Task prompt —
Among the entries below, how many lines include "unfolding"? Give the number alone.

Entries supplied —
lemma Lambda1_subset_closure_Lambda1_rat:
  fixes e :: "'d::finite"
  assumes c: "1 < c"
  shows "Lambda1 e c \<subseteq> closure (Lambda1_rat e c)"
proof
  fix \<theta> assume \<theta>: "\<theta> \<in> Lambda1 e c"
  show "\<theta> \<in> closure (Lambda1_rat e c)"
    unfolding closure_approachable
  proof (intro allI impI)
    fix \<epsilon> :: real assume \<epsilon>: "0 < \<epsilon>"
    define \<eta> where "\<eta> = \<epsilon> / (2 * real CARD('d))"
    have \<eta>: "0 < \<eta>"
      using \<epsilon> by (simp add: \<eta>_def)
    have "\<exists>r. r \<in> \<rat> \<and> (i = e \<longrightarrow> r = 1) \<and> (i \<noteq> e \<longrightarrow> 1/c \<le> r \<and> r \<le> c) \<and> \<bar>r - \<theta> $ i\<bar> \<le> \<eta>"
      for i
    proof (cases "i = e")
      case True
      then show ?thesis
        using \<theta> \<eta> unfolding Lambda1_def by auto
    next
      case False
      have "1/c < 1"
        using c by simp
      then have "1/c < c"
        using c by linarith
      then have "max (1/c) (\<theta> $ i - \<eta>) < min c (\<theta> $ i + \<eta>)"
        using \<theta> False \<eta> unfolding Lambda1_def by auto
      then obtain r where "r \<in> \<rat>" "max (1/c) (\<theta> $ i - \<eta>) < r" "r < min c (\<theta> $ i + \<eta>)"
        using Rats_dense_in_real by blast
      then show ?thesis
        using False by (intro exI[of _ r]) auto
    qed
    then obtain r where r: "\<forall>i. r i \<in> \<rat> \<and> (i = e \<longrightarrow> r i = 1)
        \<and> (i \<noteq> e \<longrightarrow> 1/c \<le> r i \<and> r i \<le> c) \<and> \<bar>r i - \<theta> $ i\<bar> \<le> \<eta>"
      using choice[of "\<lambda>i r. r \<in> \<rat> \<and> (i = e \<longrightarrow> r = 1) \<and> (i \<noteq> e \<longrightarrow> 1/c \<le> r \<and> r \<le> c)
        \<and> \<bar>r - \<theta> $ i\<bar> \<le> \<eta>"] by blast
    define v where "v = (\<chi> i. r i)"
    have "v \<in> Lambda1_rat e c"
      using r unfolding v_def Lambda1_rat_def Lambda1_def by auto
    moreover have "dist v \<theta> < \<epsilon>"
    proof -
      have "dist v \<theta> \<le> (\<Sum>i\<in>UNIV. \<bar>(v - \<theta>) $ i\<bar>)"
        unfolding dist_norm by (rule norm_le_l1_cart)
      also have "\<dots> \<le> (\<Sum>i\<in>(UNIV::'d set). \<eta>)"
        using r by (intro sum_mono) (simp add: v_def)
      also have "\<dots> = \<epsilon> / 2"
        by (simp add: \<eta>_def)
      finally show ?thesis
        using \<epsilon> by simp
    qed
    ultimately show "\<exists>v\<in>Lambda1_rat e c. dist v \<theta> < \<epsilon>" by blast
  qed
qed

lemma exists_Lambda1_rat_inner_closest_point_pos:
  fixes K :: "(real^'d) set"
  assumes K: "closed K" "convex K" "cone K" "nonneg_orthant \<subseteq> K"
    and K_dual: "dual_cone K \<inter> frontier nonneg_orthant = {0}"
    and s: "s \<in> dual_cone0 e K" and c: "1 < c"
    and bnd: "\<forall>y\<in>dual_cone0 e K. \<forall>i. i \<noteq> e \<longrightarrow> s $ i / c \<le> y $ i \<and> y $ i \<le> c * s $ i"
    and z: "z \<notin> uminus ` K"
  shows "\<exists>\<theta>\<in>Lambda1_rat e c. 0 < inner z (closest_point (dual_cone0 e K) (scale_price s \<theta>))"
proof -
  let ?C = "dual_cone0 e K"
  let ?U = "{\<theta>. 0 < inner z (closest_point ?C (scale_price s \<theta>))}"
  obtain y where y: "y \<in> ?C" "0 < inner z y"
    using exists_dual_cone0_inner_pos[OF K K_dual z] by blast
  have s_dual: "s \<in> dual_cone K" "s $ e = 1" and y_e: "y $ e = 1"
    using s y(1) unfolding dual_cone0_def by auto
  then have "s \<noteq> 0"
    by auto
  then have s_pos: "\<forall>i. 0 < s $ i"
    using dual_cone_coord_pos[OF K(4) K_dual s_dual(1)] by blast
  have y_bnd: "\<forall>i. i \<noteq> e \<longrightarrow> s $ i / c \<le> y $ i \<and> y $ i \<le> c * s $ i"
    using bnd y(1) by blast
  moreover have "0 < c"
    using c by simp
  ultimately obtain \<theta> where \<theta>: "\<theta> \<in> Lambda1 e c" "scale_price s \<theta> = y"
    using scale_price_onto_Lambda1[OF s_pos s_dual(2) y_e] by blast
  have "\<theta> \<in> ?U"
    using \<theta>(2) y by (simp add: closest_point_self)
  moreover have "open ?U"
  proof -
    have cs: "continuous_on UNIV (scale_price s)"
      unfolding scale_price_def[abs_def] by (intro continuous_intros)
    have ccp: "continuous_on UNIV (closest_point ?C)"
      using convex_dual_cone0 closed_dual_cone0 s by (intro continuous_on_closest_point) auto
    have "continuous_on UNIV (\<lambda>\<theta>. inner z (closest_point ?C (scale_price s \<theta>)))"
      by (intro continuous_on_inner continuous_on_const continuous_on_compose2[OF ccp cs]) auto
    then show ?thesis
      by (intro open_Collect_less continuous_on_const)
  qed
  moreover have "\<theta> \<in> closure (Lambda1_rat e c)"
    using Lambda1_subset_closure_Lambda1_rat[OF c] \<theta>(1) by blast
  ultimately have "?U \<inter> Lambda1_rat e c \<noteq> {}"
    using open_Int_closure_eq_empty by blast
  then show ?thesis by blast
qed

Expected output —
7